** RECORDS SHOWN follows **
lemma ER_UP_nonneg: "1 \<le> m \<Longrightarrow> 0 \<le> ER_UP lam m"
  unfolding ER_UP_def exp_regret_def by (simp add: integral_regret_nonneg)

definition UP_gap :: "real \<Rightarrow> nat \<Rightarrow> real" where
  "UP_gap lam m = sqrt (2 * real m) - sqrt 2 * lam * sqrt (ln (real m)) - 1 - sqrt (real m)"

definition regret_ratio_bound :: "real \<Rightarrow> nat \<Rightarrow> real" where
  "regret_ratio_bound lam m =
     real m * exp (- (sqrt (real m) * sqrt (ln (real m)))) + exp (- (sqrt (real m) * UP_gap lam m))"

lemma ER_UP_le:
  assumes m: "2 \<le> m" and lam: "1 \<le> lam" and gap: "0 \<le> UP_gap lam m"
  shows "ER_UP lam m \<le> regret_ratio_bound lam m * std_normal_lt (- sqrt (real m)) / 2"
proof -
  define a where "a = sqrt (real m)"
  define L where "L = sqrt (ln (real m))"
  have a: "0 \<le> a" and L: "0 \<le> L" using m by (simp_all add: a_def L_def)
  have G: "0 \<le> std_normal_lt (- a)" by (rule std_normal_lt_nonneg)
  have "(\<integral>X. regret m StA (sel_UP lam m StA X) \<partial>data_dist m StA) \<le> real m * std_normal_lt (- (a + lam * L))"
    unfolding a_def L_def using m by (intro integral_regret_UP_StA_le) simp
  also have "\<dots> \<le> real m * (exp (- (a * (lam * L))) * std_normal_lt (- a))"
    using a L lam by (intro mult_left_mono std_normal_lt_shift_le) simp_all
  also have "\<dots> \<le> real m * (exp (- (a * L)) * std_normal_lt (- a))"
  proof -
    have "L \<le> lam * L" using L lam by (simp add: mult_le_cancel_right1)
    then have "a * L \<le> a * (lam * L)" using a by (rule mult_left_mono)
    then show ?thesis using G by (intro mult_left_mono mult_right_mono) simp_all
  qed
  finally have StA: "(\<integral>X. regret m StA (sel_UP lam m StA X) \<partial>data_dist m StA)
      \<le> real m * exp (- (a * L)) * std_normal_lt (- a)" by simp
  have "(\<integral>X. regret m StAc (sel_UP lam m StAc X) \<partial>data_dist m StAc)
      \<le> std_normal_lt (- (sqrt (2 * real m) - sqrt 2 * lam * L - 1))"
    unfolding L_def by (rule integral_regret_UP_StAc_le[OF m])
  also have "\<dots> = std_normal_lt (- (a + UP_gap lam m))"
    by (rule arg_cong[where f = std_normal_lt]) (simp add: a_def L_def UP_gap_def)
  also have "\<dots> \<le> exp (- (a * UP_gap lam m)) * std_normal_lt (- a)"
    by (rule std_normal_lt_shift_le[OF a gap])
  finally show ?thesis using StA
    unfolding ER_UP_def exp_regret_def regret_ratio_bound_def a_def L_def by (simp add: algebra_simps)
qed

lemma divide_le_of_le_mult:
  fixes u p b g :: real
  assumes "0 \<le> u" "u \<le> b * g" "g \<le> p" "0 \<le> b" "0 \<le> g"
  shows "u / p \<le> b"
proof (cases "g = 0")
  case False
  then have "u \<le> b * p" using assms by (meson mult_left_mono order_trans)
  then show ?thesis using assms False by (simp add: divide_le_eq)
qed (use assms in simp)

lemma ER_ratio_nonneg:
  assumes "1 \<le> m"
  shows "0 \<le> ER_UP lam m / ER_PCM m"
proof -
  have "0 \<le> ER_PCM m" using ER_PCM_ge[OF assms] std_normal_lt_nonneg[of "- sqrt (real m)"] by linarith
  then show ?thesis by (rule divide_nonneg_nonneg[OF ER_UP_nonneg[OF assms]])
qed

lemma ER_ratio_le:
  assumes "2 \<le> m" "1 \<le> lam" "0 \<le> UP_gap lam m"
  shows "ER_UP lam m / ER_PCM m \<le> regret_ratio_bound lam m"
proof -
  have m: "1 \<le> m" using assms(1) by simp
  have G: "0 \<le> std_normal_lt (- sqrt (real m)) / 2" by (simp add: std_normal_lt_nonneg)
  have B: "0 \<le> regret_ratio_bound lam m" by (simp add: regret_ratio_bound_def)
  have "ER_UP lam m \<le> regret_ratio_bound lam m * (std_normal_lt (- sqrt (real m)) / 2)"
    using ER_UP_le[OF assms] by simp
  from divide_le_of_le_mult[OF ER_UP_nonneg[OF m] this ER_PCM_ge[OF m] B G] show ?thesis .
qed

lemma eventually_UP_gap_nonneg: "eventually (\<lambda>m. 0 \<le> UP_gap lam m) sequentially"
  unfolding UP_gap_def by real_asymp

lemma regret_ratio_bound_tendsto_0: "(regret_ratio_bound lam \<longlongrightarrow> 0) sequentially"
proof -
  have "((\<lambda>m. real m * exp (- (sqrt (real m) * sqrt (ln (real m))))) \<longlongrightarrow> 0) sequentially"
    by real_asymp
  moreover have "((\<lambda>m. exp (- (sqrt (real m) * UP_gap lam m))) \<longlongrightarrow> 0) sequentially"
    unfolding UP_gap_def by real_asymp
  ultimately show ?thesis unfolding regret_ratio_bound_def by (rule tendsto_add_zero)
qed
** End of RECORDS SHOWN **
** RECORDS SHOWN follows **
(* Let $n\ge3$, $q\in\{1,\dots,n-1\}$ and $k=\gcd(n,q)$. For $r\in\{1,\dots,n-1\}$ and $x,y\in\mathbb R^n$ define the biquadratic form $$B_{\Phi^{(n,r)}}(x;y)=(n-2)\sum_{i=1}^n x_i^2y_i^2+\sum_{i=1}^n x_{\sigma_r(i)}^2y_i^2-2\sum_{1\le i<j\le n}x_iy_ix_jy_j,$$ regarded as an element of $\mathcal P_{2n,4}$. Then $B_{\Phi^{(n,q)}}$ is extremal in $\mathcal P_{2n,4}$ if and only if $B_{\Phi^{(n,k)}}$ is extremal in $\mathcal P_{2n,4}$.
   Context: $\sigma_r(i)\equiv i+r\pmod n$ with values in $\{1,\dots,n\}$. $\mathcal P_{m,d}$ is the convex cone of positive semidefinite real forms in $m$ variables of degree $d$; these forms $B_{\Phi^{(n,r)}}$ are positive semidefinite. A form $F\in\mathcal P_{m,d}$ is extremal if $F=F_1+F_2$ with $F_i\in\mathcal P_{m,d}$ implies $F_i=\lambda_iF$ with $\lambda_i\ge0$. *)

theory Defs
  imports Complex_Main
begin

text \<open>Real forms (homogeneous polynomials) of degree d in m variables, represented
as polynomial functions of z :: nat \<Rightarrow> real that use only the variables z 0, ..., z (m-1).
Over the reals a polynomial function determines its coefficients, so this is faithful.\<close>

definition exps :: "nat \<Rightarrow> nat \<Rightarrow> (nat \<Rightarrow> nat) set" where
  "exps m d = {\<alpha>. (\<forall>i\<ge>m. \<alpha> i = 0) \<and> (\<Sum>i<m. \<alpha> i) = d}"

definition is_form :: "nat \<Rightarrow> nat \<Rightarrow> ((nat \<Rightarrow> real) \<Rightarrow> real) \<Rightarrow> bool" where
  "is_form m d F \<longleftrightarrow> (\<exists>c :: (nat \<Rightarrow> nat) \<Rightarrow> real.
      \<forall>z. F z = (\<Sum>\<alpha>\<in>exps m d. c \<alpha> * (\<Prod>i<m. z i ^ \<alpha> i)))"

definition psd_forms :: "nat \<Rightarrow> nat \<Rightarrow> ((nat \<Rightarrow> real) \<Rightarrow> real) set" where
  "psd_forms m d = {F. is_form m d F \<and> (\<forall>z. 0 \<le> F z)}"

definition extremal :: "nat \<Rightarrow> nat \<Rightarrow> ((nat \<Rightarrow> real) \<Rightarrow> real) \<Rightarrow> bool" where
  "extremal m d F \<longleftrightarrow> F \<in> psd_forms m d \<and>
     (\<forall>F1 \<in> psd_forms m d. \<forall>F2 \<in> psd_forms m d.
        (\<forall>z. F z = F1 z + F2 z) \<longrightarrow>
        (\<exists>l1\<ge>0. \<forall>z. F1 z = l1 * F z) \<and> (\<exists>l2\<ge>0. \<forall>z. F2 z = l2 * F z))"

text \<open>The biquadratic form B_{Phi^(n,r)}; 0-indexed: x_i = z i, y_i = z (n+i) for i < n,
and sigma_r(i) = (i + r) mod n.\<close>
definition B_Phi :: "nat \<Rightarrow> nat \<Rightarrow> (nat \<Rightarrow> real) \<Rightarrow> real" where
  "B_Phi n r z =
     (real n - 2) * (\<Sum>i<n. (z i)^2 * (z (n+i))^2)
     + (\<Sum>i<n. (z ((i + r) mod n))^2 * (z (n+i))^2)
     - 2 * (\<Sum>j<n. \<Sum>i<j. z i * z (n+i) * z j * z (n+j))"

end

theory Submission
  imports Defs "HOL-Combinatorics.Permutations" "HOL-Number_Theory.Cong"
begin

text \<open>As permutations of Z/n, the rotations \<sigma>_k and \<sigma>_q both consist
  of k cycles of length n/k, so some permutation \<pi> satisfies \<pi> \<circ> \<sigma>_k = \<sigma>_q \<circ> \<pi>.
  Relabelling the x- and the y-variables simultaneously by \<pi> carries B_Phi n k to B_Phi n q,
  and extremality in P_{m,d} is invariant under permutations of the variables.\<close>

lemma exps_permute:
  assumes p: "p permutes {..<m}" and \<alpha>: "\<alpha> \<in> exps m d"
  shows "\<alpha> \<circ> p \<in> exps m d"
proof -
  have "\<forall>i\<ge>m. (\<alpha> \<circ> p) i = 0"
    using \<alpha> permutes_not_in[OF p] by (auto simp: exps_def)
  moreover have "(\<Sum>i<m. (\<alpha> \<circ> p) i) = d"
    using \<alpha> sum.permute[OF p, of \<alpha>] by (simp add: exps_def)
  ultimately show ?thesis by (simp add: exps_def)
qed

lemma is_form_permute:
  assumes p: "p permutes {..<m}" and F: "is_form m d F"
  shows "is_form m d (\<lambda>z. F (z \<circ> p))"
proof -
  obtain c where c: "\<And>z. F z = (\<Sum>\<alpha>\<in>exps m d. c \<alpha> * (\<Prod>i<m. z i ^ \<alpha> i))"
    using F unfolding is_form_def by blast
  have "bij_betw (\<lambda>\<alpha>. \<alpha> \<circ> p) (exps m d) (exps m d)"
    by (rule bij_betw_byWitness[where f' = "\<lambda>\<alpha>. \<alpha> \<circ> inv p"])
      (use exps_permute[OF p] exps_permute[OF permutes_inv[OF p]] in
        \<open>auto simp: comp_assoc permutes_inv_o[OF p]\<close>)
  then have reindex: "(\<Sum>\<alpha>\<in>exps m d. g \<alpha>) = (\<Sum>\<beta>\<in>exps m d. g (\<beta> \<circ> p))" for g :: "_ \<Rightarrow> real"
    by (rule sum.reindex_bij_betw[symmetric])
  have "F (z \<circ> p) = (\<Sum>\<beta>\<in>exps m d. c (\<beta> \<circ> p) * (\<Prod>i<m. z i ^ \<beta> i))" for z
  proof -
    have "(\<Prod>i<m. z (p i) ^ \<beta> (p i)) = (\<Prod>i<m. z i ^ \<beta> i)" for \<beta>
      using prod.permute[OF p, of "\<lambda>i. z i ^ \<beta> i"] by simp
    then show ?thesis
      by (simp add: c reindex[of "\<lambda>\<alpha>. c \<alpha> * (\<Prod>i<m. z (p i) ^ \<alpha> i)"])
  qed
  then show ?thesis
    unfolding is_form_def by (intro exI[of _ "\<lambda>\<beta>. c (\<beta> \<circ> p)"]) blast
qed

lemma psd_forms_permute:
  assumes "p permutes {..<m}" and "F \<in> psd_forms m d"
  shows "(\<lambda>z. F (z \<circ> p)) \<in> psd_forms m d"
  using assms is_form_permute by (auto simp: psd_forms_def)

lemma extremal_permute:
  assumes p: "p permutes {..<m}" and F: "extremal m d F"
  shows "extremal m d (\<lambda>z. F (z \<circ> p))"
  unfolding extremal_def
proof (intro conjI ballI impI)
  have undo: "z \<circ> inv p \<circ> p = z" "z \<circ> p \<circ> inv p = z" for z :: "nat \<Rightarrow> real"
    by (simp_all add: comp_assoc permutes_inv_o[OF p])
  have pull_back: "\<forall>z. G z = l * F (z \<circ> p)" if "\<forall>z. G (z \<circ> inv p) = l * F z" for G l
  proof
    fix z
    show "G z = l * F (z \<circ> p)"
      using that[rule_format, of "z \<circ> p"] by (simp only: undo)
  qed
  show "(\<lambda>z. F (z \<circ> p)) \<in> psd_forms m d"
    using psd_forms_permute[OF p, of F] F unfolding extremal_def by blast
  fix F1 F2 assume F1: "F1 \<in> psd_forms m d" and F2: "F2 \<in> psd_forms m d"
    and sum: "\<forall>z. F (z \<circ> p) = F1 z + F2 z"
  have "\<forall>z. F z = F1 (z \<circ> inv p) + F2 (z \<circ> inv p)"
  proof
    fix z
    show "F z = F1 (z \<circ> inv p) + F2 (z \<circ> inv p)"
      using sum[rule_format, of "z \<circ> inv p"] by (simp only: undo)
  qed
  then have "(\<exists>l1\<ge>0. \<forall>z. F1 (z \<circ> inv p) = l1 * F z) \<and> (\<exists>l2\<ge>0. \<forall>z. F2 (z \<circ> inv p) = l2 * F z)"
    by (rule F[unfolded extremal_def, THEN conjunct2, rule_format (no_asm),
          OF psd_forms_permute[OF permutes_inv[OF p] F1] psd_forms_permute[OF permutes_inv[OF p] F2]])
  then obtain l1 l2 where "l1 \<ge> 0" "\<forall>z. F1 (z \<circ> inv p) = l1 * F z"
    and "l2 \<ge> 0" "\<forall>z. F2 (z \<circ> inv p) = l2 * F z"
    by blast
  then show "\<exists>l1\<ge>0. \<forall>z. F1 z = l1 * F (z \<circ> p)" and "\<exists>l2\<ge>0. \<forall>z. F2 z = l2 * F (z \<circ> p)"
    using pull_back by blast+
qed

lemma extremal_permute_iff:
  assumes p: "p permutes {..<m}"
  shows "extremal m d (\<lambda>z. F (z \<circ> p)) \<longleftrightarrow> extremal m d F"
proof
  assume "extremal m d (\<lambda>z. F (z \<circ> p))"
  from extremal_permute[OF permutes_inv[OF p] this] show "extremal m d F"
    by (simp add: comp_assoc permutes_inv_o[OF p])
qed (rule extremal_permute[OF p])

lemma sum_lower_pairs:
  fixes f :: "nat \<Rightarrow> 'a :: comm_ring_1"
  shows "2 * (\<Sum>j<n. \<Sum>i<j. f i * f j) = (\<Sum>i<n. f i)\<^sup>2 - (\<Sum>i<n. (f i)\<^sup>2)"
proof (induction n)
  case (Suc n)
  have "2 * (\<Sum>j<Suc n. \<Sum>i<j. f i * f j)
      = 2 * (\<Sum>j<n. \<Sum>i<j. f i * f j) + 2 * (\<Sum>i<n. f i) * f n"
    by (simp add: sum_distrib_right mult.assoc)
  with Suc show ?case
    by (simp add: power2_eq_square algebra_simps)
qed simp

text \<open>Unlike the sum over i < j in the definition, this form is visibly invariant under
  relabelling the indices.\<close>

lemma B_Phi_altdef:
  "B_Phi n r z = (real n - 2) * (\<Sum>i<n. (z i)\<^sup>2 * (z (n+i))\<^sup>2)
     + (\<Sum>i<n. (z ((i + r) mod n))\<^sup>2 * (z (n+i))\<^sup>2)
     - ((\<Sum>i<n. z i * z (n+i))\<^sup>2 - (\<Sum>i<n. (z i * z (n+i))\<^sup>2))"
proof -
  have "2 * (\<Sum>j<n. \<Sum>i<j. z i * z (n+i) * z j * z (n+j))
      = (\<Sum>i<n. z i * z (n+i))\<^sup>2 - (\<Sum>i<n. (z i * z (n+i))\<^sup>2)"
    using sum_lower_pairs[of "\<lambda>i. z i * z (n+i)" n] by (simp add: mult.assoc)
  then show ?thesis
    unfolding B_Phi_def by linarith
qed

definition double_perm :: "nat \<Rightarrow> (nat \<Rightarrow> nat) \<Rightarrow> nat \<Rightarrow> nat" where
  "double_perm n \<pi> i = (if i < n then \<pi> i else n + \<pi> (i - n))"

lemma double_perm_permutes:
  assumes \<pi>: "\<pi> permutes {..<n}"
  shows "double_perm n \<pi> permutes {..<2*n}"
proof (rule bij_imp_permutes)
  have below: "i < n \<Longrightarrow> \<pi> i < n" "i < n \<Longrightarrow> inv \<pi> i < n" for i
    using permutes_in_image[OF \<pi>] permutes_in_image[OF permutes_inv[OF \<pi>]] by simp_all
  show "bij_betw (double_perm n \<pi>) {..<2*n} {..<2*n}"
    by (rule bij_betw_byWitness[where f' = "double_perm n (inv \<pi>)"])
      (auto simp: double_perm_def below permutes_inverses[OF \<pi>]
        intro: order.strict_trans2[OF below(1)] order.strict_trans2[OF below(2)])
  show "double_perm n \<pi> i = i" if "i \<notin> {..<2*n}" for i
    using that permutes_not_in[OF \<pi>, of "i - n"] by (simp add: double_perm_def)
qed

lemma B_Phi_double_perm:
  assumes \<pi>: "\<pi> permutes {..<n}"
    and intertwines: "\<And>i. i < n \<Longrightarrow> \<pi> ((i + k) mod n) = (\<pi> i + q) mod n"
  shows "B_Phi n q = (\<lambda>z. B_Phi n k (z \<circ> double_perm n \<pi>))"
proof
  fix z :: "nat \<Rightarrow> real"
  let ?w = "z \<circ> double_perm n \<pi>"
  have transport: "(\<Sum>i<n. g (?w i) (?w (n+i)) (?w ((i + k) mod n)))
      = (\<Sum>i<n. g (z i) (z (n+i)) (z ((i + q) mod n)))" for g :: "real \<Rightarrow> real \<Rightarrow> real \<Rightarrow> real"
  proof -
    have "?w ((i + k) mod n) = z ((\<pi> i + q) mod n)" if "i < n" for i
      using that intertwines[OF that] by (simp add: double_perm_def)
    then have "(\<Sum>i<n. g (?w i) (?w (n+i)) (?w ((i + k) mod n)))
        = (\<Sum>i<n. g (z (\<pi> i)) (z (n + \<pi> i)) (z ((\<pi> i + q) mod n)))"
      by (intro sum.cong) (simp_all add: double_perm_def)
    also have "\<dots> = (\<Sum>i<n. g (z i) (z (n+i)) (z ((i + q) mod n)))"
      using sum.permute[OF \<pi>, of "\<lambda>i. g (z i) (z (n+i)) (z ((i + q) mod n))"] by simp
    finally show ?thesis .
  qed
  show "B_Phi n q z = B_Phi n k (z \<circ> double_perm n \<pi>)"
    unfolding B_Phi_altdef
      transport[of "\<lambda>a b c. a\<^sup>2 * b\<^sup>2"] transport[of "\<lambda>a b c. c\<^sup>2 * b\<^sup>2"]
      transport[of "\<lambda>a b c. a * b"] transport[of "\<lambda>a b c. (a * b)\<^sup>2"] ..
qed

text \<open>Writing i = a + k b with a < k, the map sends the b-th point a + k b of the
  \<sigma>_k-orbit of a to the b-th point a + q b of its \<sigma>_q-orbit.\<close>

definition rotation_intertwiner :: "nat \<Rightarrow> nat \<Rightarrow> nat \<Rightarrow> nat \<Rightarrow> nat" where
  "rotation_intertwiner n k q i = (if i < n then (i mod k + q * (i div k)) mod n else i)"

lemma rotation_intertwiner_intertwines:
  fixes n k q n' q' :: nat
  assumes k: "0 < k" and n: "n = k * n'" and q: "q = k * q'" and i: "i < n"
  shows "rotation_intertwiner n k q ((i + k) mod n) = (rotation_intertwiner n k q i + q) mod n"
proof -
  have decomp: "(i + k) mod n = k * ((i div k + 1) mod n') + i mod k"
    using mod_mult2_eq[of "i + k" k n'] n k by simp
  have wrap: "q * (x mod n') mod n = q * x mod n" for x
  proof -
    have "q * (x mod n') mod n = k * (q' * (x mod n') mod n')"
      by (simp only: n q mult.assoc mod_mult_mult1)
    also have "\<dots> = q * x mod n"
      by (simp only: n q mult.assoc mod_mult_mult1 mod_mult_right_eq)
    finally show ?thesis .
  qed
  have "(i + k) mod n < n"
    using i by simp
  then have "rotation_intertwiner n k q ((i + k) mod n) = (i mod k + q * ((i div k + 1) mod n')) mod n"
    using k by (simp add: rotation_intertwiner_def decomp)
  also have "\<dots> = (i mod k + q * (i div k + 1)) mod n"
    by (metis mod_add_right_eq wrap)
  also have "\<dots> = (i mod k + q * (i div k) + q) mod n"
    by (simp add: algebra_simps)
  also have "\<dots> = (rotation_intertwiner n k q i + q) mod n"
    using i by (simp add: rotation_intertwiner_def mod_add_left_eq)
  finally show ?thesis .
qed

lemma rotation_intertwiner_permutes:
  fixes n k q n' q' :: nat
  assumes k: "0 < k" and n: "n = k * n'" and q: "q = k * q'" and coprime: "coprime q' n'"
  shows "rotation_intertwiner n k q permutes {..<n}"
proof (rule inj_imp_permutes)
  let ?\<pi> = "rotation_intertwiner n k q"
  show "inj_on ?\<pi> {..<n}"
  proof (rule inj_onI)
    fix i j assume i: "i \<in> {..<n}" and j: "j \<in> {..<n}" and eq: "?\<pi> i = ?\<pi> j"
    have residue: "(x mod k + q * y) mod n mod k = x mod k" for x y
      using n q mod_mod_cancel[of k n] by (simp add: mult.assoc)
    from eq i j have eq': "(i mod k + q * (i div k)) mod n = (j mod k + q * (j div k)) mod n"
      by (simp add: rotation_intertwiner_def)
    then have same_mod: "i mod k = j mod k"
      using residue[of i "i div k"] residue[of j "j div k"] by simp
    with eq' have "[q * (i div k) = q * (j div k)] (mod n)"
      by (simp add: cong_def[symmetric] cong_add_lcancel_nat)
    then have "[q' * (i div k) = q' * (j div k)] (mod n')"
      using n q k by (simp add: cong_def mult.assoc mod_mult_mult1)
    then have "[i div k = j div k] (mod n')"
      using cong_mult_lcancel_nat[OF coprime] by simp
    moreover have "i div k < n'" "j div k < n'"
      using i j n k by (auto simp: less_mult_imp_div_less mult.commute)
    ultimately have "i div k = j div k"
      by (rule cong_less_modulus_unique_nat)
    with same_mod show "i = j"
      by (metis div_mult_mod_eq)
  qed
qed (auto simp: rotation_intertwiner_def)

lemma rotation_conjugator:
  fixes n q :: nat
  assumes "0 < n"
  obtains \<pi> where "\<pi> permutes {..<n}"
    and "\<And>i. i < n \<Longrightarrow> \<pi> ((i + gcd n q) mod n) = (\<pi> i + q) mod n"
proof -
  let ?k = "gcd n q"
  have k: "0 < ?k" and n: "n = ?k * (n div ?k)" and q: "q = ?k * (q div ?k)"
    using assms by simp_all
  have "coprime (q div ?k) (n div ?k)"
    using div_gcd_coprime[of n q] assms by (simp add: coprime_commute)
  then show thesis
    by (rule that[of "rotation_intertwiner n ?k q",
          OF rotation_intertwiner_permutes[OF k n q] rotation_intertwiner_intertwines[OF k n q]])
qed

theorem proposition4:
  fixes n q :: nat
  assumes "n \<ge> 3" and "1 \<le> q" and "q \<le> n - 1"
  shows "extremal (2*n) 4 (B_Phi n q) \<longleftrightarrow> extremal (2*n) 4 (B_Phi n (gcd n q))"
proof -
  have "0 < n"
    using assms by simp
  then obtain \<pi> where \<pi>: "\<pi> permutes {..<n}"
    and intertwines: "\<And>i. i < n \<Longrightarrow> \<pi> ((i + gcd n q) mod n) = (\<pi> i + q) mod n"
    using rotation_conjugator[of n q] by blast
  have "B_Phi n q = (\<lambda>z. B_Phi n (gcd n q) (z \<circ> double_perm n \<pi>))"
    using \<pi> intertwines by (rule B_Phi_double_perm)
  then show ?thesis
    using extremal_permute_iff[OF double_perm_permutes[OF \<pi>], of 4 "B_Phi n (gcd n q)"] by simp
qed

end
** End of RECORDS SHOWN **
### EXERCISE DIRECTIONS
Scan the lines above for "relabelling the indices.\<close>" and for "n \<Longrightarrow> inv". Repeat exactly the line holding each of them and every line in between.

### YOUR SOLUTION
  relabelling the indices.\<close>

lemma B_Phi_altdef:
  "B_Phi n r z = (real n - 2) * (\<Sum>i<n. (z i)\<^sup>2 * (z (n+i))\<^sup>2)
     + (\<Sum>i<n. (z ((i + r) mod n))\<^sup>2 * (z (n+i))\<^sup>2)
     - ((\<Sum>i<n. z i * z (n+i))\<^sup>2 - (\<Sum>i<n. (z i * z (n+i))\<^sup>2))"
proof -
  have "2 * (\<Sum>j<n. \<Sum>i<j. z i * z (n+i) * z j * z (n+j))
      = (\<Sum>i<n. z i * z (n+i))\<^sup>2 - (\<Sum>i<n. (z i * z (n+i))\<^sup>2)"
    using sum_lower_pairs[of "\<lambda>i. z i * z (n+i)" n] by (simp add: mult.assoc)
  then show ?thesis
    unfolding B_Phi_def by linarith
qed

definition double_perm :: "nat \<Rightarrow> (nat \<Rightarrow> nat) \<Rightarrow> nat \<Rightarrow> nat" where
  "double_perm n \<pi> i = (if i < n then \<pi> i else n + \<pi> (i - n))"

lemma double_perm_permutes:
  assumes \<pi>: "\<pi> permutes {..<n}"
  shows "double_perm n \<pi> permutes {..<2*n}"
proof (rule bij_imp_permutes)
  have below: "i < n \<Longrightarrow> \<pi> i < n" "i < n \<Longrightarrow> inv \<pi> i < n" for i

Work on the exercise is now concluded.